Sally Satel and Alan D. Viard of the American Enterprise Institute propose more direct compensation through a $50,000 tax credit for living donors and a $5,000 tax credit for deceased donors. The physical and emotional health of prospective donors would be carefully screened, and there would be a six-month waiting period to deter people from donating organs impulsively or under duress. Satel and Viard note that opponents might view such compensation as “commodifying the body,” but argue that this concern is misplaced:

Recipients would not be allowed to buy organs; instead, donors would receive compensation from the government for contributing to the public good. When a transplant is performed, the surgeons and hospitals are paid, as are the agencies that obtain and transport the organs in the case of cadaveric organs. Currently, the only entity in the entire process that does not receive any compensation for its contribution is the donor, who bears a modicum of risk and myriad costs as well.

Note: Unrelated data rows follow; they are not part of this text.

(* Let $P_1$ be a $C_\pi$ process and suppose $P_1\xrightarrow{\alpha_1}P_2\xrightarrow{\alpha_2}\cdots\xrightarrow{\alpha_m}P_{m+1}$, where all bound outputs are chosen fresh. Suppose that for some $i\in\{1,\dots,m-1\}$ we have $\alpha_i=k(l)$ and $l\notin\mathrm{fo}(P_i)$. Then $\alpha_j\neq\overline{k'}\langle l\rangle$ for every channel $k'$ and every $j=i+1,\dots,m$.
   Context: The Confidential $\pi$-calculus $C_\pi$. There are two disjoint countable sets: ${\cal V}$ of variables (ranged over by $x,y,z,\dots$) and ${\cal C}$ of channels (ranged over by $k,l,m,n,\dots$). Let ${\cal N}={\cal V}\cup{\cal C}$, ranged over by $a,b,c,\dots$. Prefixes: $\pi ::= \overline{a}\langle k\rangle \mid a(x) \mid [a=b]\pi$. Processes: $P ::= 0 \mid \pi.P \mid P\,|\,P \mid (\nu k)P \mid\, !P$. The object of an output is always a channel, and the bound object of an input is always a variable. In $(\nu k)P$ the channel $k$ is bound, and in $a(x).P$ the variable $x$ is bound, with scope $P$. The sets $\mathrm{fn}(P)$, $\mathrm{bn}(P)$ and $\mathrm{n}(P)$ are the free, bound and all names of $P$. The set $\mathrm{fo}(P)$ consists of the free channels of $P$ that occur as objects of output prefixes in $P$. Processes are identified up to $\alpha$-conversion. Actions: $\alpha ::= \overline{k}\langle l\rangle \mid k(l) \mid (\nu l)\overline{k}\langle l\rangle \mid \tau$, where $k,l$ are channels. We have $\mathrm{fn}(\overline{k}\langle l\rangle)=\mathrm{fn}(k(l))=\{k,l\}$, $\mathrm{fn}((\nu l)\overline{k}\langle l\rangle)=\{k\}$, $\mathrm{bn}((\nu l)\overline{k}\langle l\rangle)=\{l\}$, all other bound-name sets are empty, $\mathrm{fn}(\tau)=\emptyset$, and $\mathrm{n}(\alpha)=\mathrm{fn}(\alpha)\cup\mathrm{bn}(\alpha)$. The labelled transition relation $\xrightarrow{\alpha}$ is the least relation closed under the following rules: - (out) $\overline{k}\langle l\rangle.P \xrightarrow{\overline{k}\langle l\rangle} P$. - (in) $k(x).P \xrightarrow{k(l)} P\{l/x\}$ for every channel $l$. - (match) If $\pi.P\xrightarrow{\alpha}P'$, then $[a=a]\pi.P\xrightarrow{\alpha}P'$. - (res) If $P\xrightarrow{\alpha}P'$ and $k\notin \mathrm{n}(\alpha)$, then $(\nu k)P\xrightarrow{\alpha}(\nu k)P'$. - (open) If $P\xrightarrow{\overline{k}\langle l\rangle}Q$ and $k\neq l$, then $(\nu l)P\xrightarrow{(\nu l)\overline{k}\langle l\rangle}Q$. - (par-l) If $P\xrightarrow{\alpha}Q$ and $\mathrm{bn}(\alpha)\cap\mathrm{fn}(R)=\emptyset$, then $P|R\xrightarrow{\alpha}Q|R$. - (comm-l) If $P\xrightarrow{\overline{k}\langle l\rangle}P'$ and $Q\xrightarrow{k(l)}Q'$, then $P|Q\xrightarrow{\tau}P'|Q'$. - (close-l) If $P\xrightarrow{(\nu l)\overline{k}\langle l\rangle}P'$, $Q\xrightarrow{k(l)}Q'$ and $l\notin\mathrm{fn}(Q)$, then $P|Q\xrightarrow{\tau}(\nu l)(P'|Q')$. - The symmetric rules (par-r), (comm-r), (close-r). - (rep-act) If $P\xrightarrow{\alpha}P'$, then $!P\xrightarrow{\alpha}P'|!P$. - (rep-comm) If $P\xrightarrow{\overline{k}\langle l\rangle}P'$ and $P\xrightarrow{k(l)}P''$, then $!P\xrightarrow{\tau}(P'|P'')|!P$. - (rep-close) If $P\xrightarrow{(\nu l)\overline{k}\langle l\rangle}P'$, $P\xrightarrow{k(l)}P''$ and $l\notin\mathrm{fn}(P)$, then $!P\xrightarrow{\tau}(\nu l)(P'|P'')|!P$. *)

theory Defs
  imports Main
begin

text \<open>Variables and channels are two disjoint countable sets, both represented by nat.\<close>
type_synonym var = nat
type_synonym chan = nat

datatype name = NV var | NC chan

text \<open>Prefixes: output a<k> (object always a channel), input a(x) (bound object always a
  variable), match [a=b]pi.\<close>
datatype prefix = POut name chan | PIn name var | PMatch name name prefix

datatype proc = PNil | Pref prefix proc | Par proc proc | Res chan proc | Bang proc

text \<open>Actions: AOut k l = k<l>, AIn k l = k(l), ABOut k l = (nu l) k<l>, Tau.\<close>
datatype act = AOut chan chan | AIn chan chan | ABOut chan chan | Tau

fun pfn :: "prefix \<Rightarrow> name set" where
  "pfn (POut a k) = {a, NC k}"
| "pfn (PIn a x) = {a}"
| "pfn (PMatch a b p) = {a, b} \<union> pfn p"

fun pbv :: "prefix \<Rightarrow> var option" where
  "pbv (POut a k) = None"
| "pbv (PIn a x) = Some x"
| "pbv (PMatch a b p) = pbv p"

fun set_bv :: "prefix \<Rightarrow> var \<Rightarrow> prefix" where
  "set_bv (POut a k) y = POut a k"
| "set_bv (PIn a x) y = PIn a y"
| "set_bv (PMatch a b p) y = PMatch a b (set_bv p y)"

fun fn :: "proc \<Rightarrow> name set" where
  "fn PNil = {}"
| "fn (Pref p P) = pfn p \<union> (case pbv p of None \<Rightarrow> fn P | Some x \<Rightarrow> fn P - {NV x})"
| "fn (Par P Q) = fn P \<union> fn Q"
| "fn (Res k P) = fn P - {NC k}"
| "fn (Bang P) = fn P"

fun bn :: "proc \<Rightarrow> name set" where
  "bn PNil = {}"
| "bn (Pref p P) = (case pbv p of None \<Rightarrow> {} | Some x \<Rightarrow> {NV x}) \<union> bn P"
| "bn (Par P Q) = bn P \<union> bn Q"
| "bn (Res k P) = {NC k} \<union> bn P"
| "bn (Bang P) = bn P"

definition names :: "proc \<Rightarrow> name set" where
  "names P = fn P \<union> bn P"

fun pfo :: "prefix \<Rightarrow> chan set" where
  "pfo (POut a k) = {k}"
| "pfo (PIn a x) = {}"
| "pfo (PMatch a b p) = pfo p"

fun fo :: "proc \<Rightarrow> chan set" where
  "fo PNil = {}"
| "fo (Pref p P) = pfo p \<union> fo P"
| "fo (Par P Q) = fo P \<union> fo Q"
| "fo (Res k P) = fo P - {k}"
| "fo (Bang P) = fo P"

fun afn :: "act \<Rightarrow> name set" where
  "afn (AOut k l) = {NC k, NC l}"
| "afn (AIn k l) = {NC k, NC l}"
| "afn (ABOut k l) = {NC k}"
| "afn Tau = {}"

fun abn :: "act \<Rightarrow> name set" where
  "abn (ABOut k l) = {NC l}"
| "abn _ = {}"

definition anames :: "act \<Rightarrow> name set" where
  "anames a = afn a \<union> abn a"

section \<open>Substitution of a name b for free occurrences of a name a (naive, no renaming)\<close>

definition sn :: "name \<Rightarrow> name \<Rightarrow> name \<Rightarrow> name" where
  "sn a b c = (if c = a then b else c)"

definition osub :: "name \<Rightarrow> name \<Rightarrow> chan \<Rightarrow> chan" where
  "osub a b k = (case (a, b) of (NC k1, NC k2) \<Rightarrow> (if k = k1 then k2 else k) | _ \<Rightarrow> k)"

fun psub :: "name \<Rightarrow> name \<Rightarrow> prefix \<Rightarrow> prefix" where
  "psub a b (POut c k) = POut (sn a b c) (osub a b k)"
| "psub a b (PIn c x) = PIn (sn a b c) x"
| "psub a b (PMatch c d p) = PMatch (sn a b c) (sn a b d) (psub a b p)"

fun sub :: "name \<Rightarrow> name \<Rightarrow> proc \<Rightarrow> proc" where
  "sub a b PNil = PNil"
| "sub a b (Pref p P) = Pref (psub a b p) (if pbv p = None \<or> a \<noteq> NV (the (pbv p)) then sub a b P else P)"
| "sub a b (Par P Q) = Par (sub a b P) (sub a b Q)"
| "sub a b (Res k P) = Res k (if a = NC k then P else sub a b P)"
| "sub a b (Bang P) = Bang (sub a b P)"

inductive alpha :: "proc \<Rightarrow> proc \<Rightarrow> bool" where
  a_refl: "alpha P P"
| a_sym: "alpha P Q \<Longrightarrow> alpha Q P"
| a_trans: "alpha P Q \<Longrightarrow> alpha Q R \<Longrightarrow> alpha P R"
| a_pref: "alpha P Q \<Longrightarrow> alpha (Pref p P) (Pref p Q)"
| a_par: "alpha P1 Q1 \<Longrightarrow> alpha P2 Q2 \<Longrightarrow> alpha (Par P1 P2) (Par Q1 Q2)"
| a_res: "alpha P Q \<Longrightarrow> alpha (Res k P) (Res k Q)"
| a_bang: "alpha P Q \<Longrightarrow> alpha (Bang P) (Bang Q)"
| a_res_ren: "NC k' \<notin> names P \<Longrightarrow> alpha (Res k P) (Res k' (sub (NC k) (NC k') P))"
| a_in_ren: "pbv p = Some x \<Longrightarrow> NV y \<notin> names P \<Longrightarrow>
             alpha (Pref p P) (Pref (set_bv p y) (sub (NV x) (NV y) P))"

inductive lts :: "proc \<Rightarrow> act \<Rightarrow> proc \<Rightarrow> bool" where
  t_out: "lts (Pref (POut (NC k) l) P) (AOut k l) P"
| t_in: "NC l \<notin> bn P \<Longrightarrow> lts (Pref (PIn (NC k) x) P) (AIn k l) (sub (NV x) (NC l) P)"
| t_match: "lts (Pref p P) a P' \<Longrightarrow> lts (Pref (PMatch b b p) P) a P'"
| t_res: "lts P a P' \<Longrightarrow> NC k \<notin> anames a \<Longrightarrow> lts (Res k P) a (Res k P')"
| t_open: "lts P (AOut k l) Q \<Longrightarrow> k \<noteq> l \<Longrightarrow> lts (Res l P) (ABOut k l) Q"
| t_parl: "lts P a Q \<Longrightarrow> abn a \<inter> fn R = {} \<Longrightarrow> lts (Par P R) a (Par Q R)"
| t_parr: "lts P a Q \<Longrightarrow> abn a \<inter> fn R = {} \<Longrightarrow> lts (Par R P) a (Par R Q)"
| t_comml: "lts P (AOut k l) P' \<Longrightarrow> lts Q (AIn k l) Q' \<Longrightarrow> lts (Par P Q) Tau (Par P' Q')"
| t_commr: "lts P (AIn k l) P' \<Longrightarrow> lts Q (AOut k l) Q' \<Longrightarrow> lts (Par P Q) Tau (Par P' Q')"
| t_closel: "lts P (ABOut k l) P' \<Longrightarrow> lts Q (AIn k l) Q' \<Longrightarrow> NC l \<notin> fn Q \<Longrightarrow>
             lts (Par P Q) Tau (Res l (Par P' Q'))"
| t_closer: "lts P (AIn k l) P' \<Longrightarrow> lts Q (ABOut k l) Q' \<Longrightarrow> NC l \<notin> fn P \<Longrightarrow>
             lts (Par P Q) Tau (Res l (Par P' Q'))"
| t_rep_act: "lts P a P' \<Longrightarrow> lts (Bang P) a (Par P' (Bang P))"
| t_rep_comm: "lts P (AOut k l) P' \<Longrightarrow> lts P (AIn k l) P'' \<Longrightarrow>
               lts (Bang P) Tau (Par (Par P' P'') (Bang P))"
| t_rep_close: "lts P (ABOut k l) P' \<Longrightarrow> lts P (AIn k l) P'' \<Longrightarrow> NC l \<notin> fn P \<Longrightarrow>
               lts (Bang P) Tau (Par (Res l (Par P' P'')) (Bang P))"
| t_alpha: "alpha P P' \<Longrightarrow> lts P' a Q' \<Longrightarrow> alpha Q' Q \<Longrightarrow> lts P a Q"

end

theory Submission
  imports Defs
begin

text \<open>A free output k<l> requires l to be an output object of the process, and a transition can
  add to the output objects only the channel it extrudes. Since l occurs in the input k(l), a bound
  output chosen fresh later cannot extrude l, so l stays outside fo along the rest of the run and
  can never be output freely.\<close>

lemma pfo_psub_NV: "pfo (psub (NV x) b p) = pfo p"
  by (induction p) (auto simp: osub_def)

lemma fo_sub_NV: "fo (sub (NV x) b P) = fo P"
  by (induction P) (auto simp: pfo_psub_NV)

lemma pfo_psub_NC: "pfo (psub (NC k) (NC k') p) = (\<lambda>c. if c = k then k' else c) ` pfo p"
  by (induction p) (auto simp: osub_def)

lemma pfo_set_bv: "pfo (set_bv p y) = pfo p"
  by (induction p) auto

lemma fo_sub_NC:
  assumes "NC k' \<notin> names P"
  shows "fo (sub (NC k) (NC k') P) = (\<lambda>c. if c = k then k' else c) ` fo P"
  using assms
proof (induction P)
  case (Pref p Q)
  then have "NC k' \<notin> names Q"
    by (auto simp: names_def split: option.splits)
  with Pref.IH show ?case by (auto simp: pfo_psub_NC image_Un)
next
  case (Res j Q)
  then have "NC k' \<notin> names Q" and "j \<noteq> k'"
    by (auto simp: names_def)
  with Res.IH show ?case by auto
qed (auto simp: names_def image_Un)

lemma pfo_subset_pfn: "c \<in> pfo p \<Longrightarrow> NC c \<in> pfn p"
  by (induction p) auto

lemma fo_subset_fn: "c \<in> fo P \<Longrightarrow> NC c \<in> fn P"
  by (induction P) (auto dest: pfo_subset_pfn split: option.splits)

lemma alpha_fo_eq: "alpha P Q \<Longrightarrow> fo P = fo Q"
proof (induction rule: alpha.induct)
  case (a_res_ren k' P k)
  then have "k' \<notin> fo P"
    using fo_subset_fn by (auto simp: names_def)
  with fo_sub_NC[OF a_res_ren] show ?case by auto
qed (simp_all add: fo_sub_NV pfo_set_bv)

fun extruded :: "act \<Rightarrow> chan set" where
  "extruded (ABOut k l) = {l}"
| "extruded _ = {}"

lemma lts_fo_subset: "lts P a Q \<Longrightarrow> fo Q \<subseteq> fo P \<union> extruded a"
proof (induction rule: lts.induct)
  case (t_res P a P' k)
  then show ?case by (cases a) (auto simp: anames_def)
next
  case (t_alpha P P' a Q' Q)
  then show ?case by (simp add: alpha_fo_eq)
qed (auto simp: fo_sub_NV)

lemma lts_out_object_in_fo: "lts P (AOut k l) Q \<Longrightarrow> l \<in> fo P"
proof (induction P "AOut k l" Q arbitrary: k rule: lts.induct)
  case (t_res P P' k')
  then show ?case by (auto simp: anames_def)
qed (auto dest: alpha_fo_eq)

lemma run_not_in_fo:
  assumes "i \<le> j"
    and "\<forall>h\<in>{i..<j}. lts (P h) (A h) (P (Suc h))"
    and "\<forall>h\<in>{i..<j}. l \<notin> extruded (A h)"
    and "l \<notin> fo (P i)"
  shows "l \<notin> fo (P j)"
  using assms
proof (induction j rule: dec_induct)
  case (step j)
  then have "fo (P (Suc j)) \<subseteq> fo (P j) \<union> extruded (A j)"
    by (simp add: lts_fo_subset)
  with step show ?case by auto
qed simp

theorem theorem1:
  fixes P :: "nat \<Rightarrow> proc" and A :: "nat \<Rightarrow> act" and m i :: nat and k l :: chan
  assumes steps: "\<forall>j\<in>{1..m}. lts (P j) (A j) (P (Suc j))"
    and fresh: "\<forall>j\<in>{1..m}. \<forall>k' l'. A j = ABOut k' l' \<longrightarrow>
                  (\<forall>h\<in>{1..j}. NC l' \<notin> fn (P h)) \<and> (\<forall>h\<in>{1..<j}. NC l' \<notin> anames (A h))"
    and i: "1 \<le> i" "i \<le> m - 1"
    and inp: "A i = AIn k l"
    and nfo: "l \<notin> fo (P i)"
  shows "\<forall>j\<in>{i+1..m}. \<forall>k'. A j \<noteq> AOut k' l"
proof (intro ballI allI notI)
  fix j k' assume j: "j \<in> {i+1..m}" and out: "A j = AOut k' l"
  have not_extruded: "l \<notin> extruded (A h)" if "h \<in> {i..<j}" for h
  proof (cases "A h")
    case (ABOut k'' l')
    with inp have "h \<noteq> i" by auto
    with that i j have "h \<in> {1..m}" and "i \<in> {1..<h}" by auto
    with fresh ABOut have "NC l' \<notin> anames (A i)" by blast
    with ABOut inp show ?thesis by (auto simp: anames_def)
  qed auto
  have "l \<notin> fo (P j)"
    using run_not_in_fo[of i j P A l] steps not_extruded nfo i j by auto
  moreover have "j \<in> {1..m}"
    using i j by auto
  with steps out have "lts (P j) (AOut k' l) (P (Suc j))"
    by metis
  then have "l \<in> fo (P j)"
    by (rule lts_out_object_in_fo)
  ultimately show False by contradiction
qed

end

Even with some form of compensation for donors, as long as there is not a pure free market for organ donation, the system the government relies on for matching donated organs to potential recipients requires reform. Abe Sutton, former White House domestic policy advisor, proposes several reforms to the system of OPOs and OPTN to improve their performance. Most notably, Sutton argues that organ procurement policy has prioritized the incumbency and monopoly of the current system participants at the expense of patients. The system should be opened up to competition through standard government contracting procedures. Furthermore, Sutton proposes reforming governance of the OPTN, separating the policy-making and technological functions of the OPTN, opening the technology component to all bidders to better identify the best vendors, and making de-identified OPTN data publicly available to increase the transparency of the system.

The Post’s report on the current issues with UNOS, and its refusal to be transparent and to modernize, highlight the need for the reforms Sutton suggests. Even with a more effective procurement and matching system, however, the fundamental problem of the supply shortage would remain. The most direct way to address this shortage would be incentivizing donors, who currently endure the risks and costs of organ donation without any financial compensation.